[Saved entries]
*** Begin section ***

lemma clocked_on_tracking_run:
  assumes tracks: "tracks_even_odd_run s"
  shows "clocked R (run s (j - 1)) (run s j) (run s (j + 1))
           = (if enabled s j then even_odd_run (Suc (changes j s)) j else run s j)"
proof -
  have run: "run s k = even_odd_run (changes k s) k" for k
    using tracks by (simp add: tracks_even_odd_run_def)
  have label: "snd (run s k) = clock_label (a + vtime s k)" for k
    using well_clocked_funpow_even_odd_step[OF d_well_clocked, where R = R and n = "changes k s"]
    by (simp add: run well_clocked_def vtime_def add.assoc)
  have "\<bar>vtime s (j - 1) - vtime s j\<bar> = 1" "\<bar>vtime s (j + 1) - vtime s j\<bar> = 1"
    using tracks[unfolded tracks_even_odd_run_def, rule_format, of "j - 1"]
      tracks[unfolded tracks_even_odd_run_def, rule_format, of j] by (simp_all add: abs_minus_commute)
  then have fires_iff: "(snd (run s (j - 1)) = tick (snd (run s j)) \<and> snd (run s (j + 1)) = tick (snd (run s j)))
      \<longleftrightarrow> enabled s j"
    unfolding label enabled_def by (simp add: tick_clock_label_iff)
  show ?thesis
  proof (cases "enabled s j")
    case False
    then show ?thesis using fires_iff unfolding clocked_def by auto
  next
    case True
    then have up: "vtime s (j - 1) = vtime s j + 1" "vtime s (j + 1) = vtime s j + 1"
      by (simp_all add: enabled_def)
    show ?thesis
    proof (cases "even j")
      case even: True
      then have "j mod 2 = 0" "(j - 1) mod 2 = 1" "(j + 1) mod 2 = 1" by presburger+
      then have "changes (j - 1) s = changes j s" "changes (j + 1) s = changes j s"
        using up by (simp_all add: vtime_def)
      then show ?thesis
        using True even by (simp add: run even_odd_step_even)
    next
      case odd: False
      then have "j mod 2 = 1" "(j - 1) mod 2 = 0" "(j + 1) mod 2 = 0" by presburger+
      then have "changes (j - 1) s = Suc (changes j s)" "changes (j + 1) s = Suc (changes j s)"
        using up by (simp_all add: vtime_def)
      then show ?thesis
        using True odd by (simp add: run even_odd_step_odd)
    qed
  qed
qed

lemma run_Suc_if_tracks:
  assumes "tracks_even_odd_run s"
  shows "run (Suc s) j = (if j \<in> \<zeta> s \<and> enabled s j then even_odd_run (Suc (changes j s)) j else run s j)"
  using clocked_on_tracking_run[OF assms, of j] by (simp add: async_global_def)

lemma changes_Suc_if_tracks:
  assumes "tracks_even_odd_run s"
  shows "changes j (Suc s) = changes j s + (if j \<in> \<zeta> s \<and> enabled s j then 1 else 0)"
proof -
  have "run s j = even_odd_run (changes j s) j"
    using assms by (simp add: tracks_even_odd_run_def)
  then have "run (Suc s) j \<noteq> run s j \<longleftrightarrow> j \<in> \<zeta> s \<and> enabled s j"
    unfolding run_Suc_if_tracks[OF assms]
    using funpow_even_odd_step_Suc_neq[OF d_well_clocked, where R = R and n = "changes j s" and j = j]
    by simp
  then show ?thesis
    by (simp only: n_changes_Suc)
qed

lemma tracks_even_odd_run_invariant: "tracks_even_odd_run s"
proof (induction s)
  case 0
  have "\<bar>(j + 1) mod 2 - j mod 2\<bar> = 1" for j :: int
    by presburger
  then show ?case by (simp add: tracks_even_odd_run_def vtime_def)
next
  case (Suc s)
  have vtime_Suc: "vtime (Suc s) j = vtime s j + (if j \<in> \<zeta> s \<and> enabled s j then 2 else 0)" for j
    using changes_Suc_if_tracks[OF Suc.IH, of j] by (simp add: vtime_def)
  show ?case
    unfolding tracks_even_odd_run_def
  proof
    fix j
    have "\<bar>vtime s (j + 1) - vtime s j\<bar> = 1"
      using Suc.IH by (simp add: tracks_even_odd_run_def)
    moreover have "enabled s j \<Longrightarrow> vtime s (j + 1) = vtime s j + 1"
      and "enabled s (j + 1) \<Longrightarrow> vtime s j = vtime s (j + 1) + 1"
      by (simp_all add: enabled_def)
    ultimately have "\<bar>vtime (Suc s) (j + 1) - vtime (Suc s) j\<bar> = 1"
      unfolding vtime_Suc by auto
    moreover have "run (Suc s) j = even_odd_run (changes j (Suc s)) j"
      using Suc.IH run_Suc_if_tracks[OF Suc.IH, of j] changes_Suc_if_tracks[OF Suc.IH, of j]
      by (simp add: tracks_even_odd_run_def)
    ultimately show "run (Suc s) j = even_odd_run (changes j (Suc s)) j
        \<and> \<bar>vtime (Suc s) (j + 1) - vtime (Suc s) j\<bar> = 1"
      by blast
  qed
qed

lemma vtime_Suc: "vtime (Suc s) j = vtime s j + (if j \<in> \<zeta> s \<and> enabled s j then 2 else 0)"
  using changes_Suc_if_tracks[OF tracks_even_odd_run_invariant, where s = s and j = j] by (simp add: vtime_def)

lemma vtime_neighbour: "\<bar>vtime s (j + 1) - vtime s j\<bar> = 1"
  using tracks_even_odd_run_invariant[of s] by (simp add: tracks_even_odd_run_def)

lemma vtime_mono: "s \<le> s' \<Longrightarrow> vtime s j \<le> vtime s' j"
proof (induction s' rule: dec_induct)
  case (step s')
  then show ?case using vtime_Suc[of s' j] by simp
qed simp

text \<open>The neighbours of an enabled cell are ahead of it and hence not enabled themselves, so
nothing but an update of the cell itself can change its situation.\<close>

lemma enabled_until_fired:
  assumes "enabled s j"
  shows "vtime (s + k) j > vtime s j \<or> (enabled (s + k) j \<and> vtime (s + k) j = vtime s j)"
proof (induction k)
  case (Suc k)
  show ?case
  proof (cases "vtime (s + k) j > vtime s j")
    case True
    then show ?thesis using vtime_mono[of "s + k" "s + Suc k" j] by simp
  next
    case False
    with Suc.IH have en: "enabled (s + k) j" and same: "vtime (s + k) j = vtime s j"
      by auto
    then have "\<not> enabled (s + k) (j - 1)" "\<not> enabled (s + k) (j + 1)"
      by (auto simp: enabled_def)
    then have "vtime (s + Suc k) (j - 1) = vtime (s + k) (j - 1)"
      "vtime (s + Suc k) (j + 1) = vtime (s + k) (j + 1)"
      by (simp_all add: vtime_Suc)
    moreover have "vtime (s + Suc k) j \<in> {vtime (s + k) j, vtime (s + k) j + 2}"
      by (simp add: vtime_Suc)
    ultimately show ?thesis
      using en same by (auto simp: enabled_def)
  qed
qed (simp add: assms)

lemma vtime_unbounded:
  assumes fair: "admissible_schedule \<zeta>"
  shows "\<exists>s. vtime s j \<ge> int T"
proof (induction T arbitrary: j)
  case 0
  show ?case by (auto simp: vtime_def)
next
  case (Suc T)
  from Suc.IH[of "j - 1"] obtain s1 where s1: "vtime s1 (j - 1) \<ge> int T" ..
  from Suc.IH[of j] obtain s2 where s2: "vtime s2 j \<ge> int T" ..
  from Suc.IH[of "j + 1"] obtain s3 where s3: "vtime s3 (j + 1) \<ge> int T" ..
  define s0 where "s0 = max s1 (max s2 s3)"
  have "s1 \<le> s0" "s2 \<le> s0" "s3 \<le> s0"
    by (simp_all add: s0_def)
  then have s0: "vtime s0 (j - 1) \<ge> int T" "vtime s0 j \<ge> int T" "vtime s0 (j + 1) \<ge> int T"
    using s1 s2 s3 vtime_mono by (meson order_trans)+
  show ?case
  proof (cases "vtime s0 j \<ge> int (Suc T)")
    case True
    then show ?thesis by blast
  next
    case False
    then have "vtime s0 j = int T" using s0 by simp
    moreover have "\<bar>vtime s0 j - vtime s0 (j - 1)\<bar> = 1" "\<bar>vtime s0 (j + 1) - vtime s0 j\<bar> = 1"
      using vtime_neighbour[of s0 "j - 1"] vtime_neighbour[of s0 j] by simp_all
    ultimately have en: "enabled s0 j" and at_T: "vtime s0 j = int T"
      using s0 by (auto simp: enabled_def)
    obtain s' where "s' \<ge> s0" and scheduled: "j \<in> \<zeta> s'"
      using fair unfolding admissible_schedule_def infinite_nat_iff_unbounded_le by blast
    then obtain k where s': "s' = s0 + k"
      using le_Suc_ex by blast
    from enabled_until_fired[OF en, of k] show ?thesis
    proof
      assume "vtime (s0 + k) j > vtime s0 j"
      then show ?thesis using at_T s' by (intro exI[of _ s']) simp
    next
      assume "enabled (s0 + k) j \<and> vtime (s0 + k) j = vtime s0 j"
      then have "vtime (Suc s') j = int T + 2"
        using scheduled at_T s' by (simp add: vtime_Suc)
      then show ?thesis by (intro exI[of _ "Suc s'"]) simp
    qed
  qed
qed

*** End section ***

**WORK REQUIRED:** Your task is to return each line of the data above that contains the string "assms".

**EXERCISE OUTPUT:**
  using clocked_on_tracking_run[OF assms, of j] by (simp add: async_global_def)
    using assms by (simp add: tracks_even_odd_run_def)
    unfolding run_Suc_if_tracks[OF assms]
qed (simp add: assms)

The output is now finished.